**Aim of the exercise**
From the data underneath, reproduce exactly the stretch that begins at the line with "define C where" and ends after the line with "by (rule completion_subset)".
___ The data
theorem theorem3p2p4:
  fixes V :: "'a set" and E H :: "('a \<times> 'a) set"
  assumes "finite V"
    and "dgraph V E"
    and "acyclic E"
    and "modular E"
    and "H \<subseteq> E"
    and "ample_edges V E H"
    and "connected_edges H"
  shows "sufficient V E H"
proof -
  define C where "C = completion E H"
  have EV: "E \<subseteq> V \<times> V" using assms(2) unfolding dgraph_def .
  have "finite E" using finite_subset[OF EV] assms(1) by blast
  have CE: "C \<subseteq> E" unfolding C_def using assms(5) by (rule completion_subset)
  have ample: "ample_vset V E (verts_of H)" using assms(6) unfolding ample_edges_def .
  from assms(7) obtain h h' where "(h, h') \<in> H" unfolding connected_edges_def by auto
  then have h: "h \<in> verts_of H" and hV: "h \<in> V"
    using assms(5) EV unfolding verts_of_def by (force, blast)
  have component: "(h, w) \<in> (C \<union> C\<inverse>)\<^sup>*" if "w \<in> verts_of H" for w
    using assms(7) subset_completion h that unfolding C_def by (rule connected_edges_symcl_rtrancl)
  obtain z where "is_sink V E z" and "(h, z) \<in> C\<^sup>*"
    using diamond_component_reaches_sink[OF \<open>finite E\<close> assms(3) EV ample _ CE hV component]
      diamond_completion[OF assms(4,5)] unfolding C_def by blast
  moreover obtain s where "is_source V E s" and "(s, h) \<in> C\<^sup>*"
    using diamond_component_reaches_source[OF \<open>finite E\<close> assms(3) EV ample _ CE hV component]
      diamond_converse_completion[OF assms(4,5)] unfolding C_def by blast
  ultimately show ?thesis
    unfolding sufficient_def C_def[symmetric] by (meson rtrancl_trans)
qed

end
______
**Response**
  define C where "C = completion E H"
  have EV: "E \<subseteq> V \<times> V" using assms(2) unfolding dgraph_def .
  have "finite E" using finite_subset[OF EV] assms(1) by blast
  have CE: "C \<subseteq> E" unfolding C_def using assms(5) by (rule completion_subset)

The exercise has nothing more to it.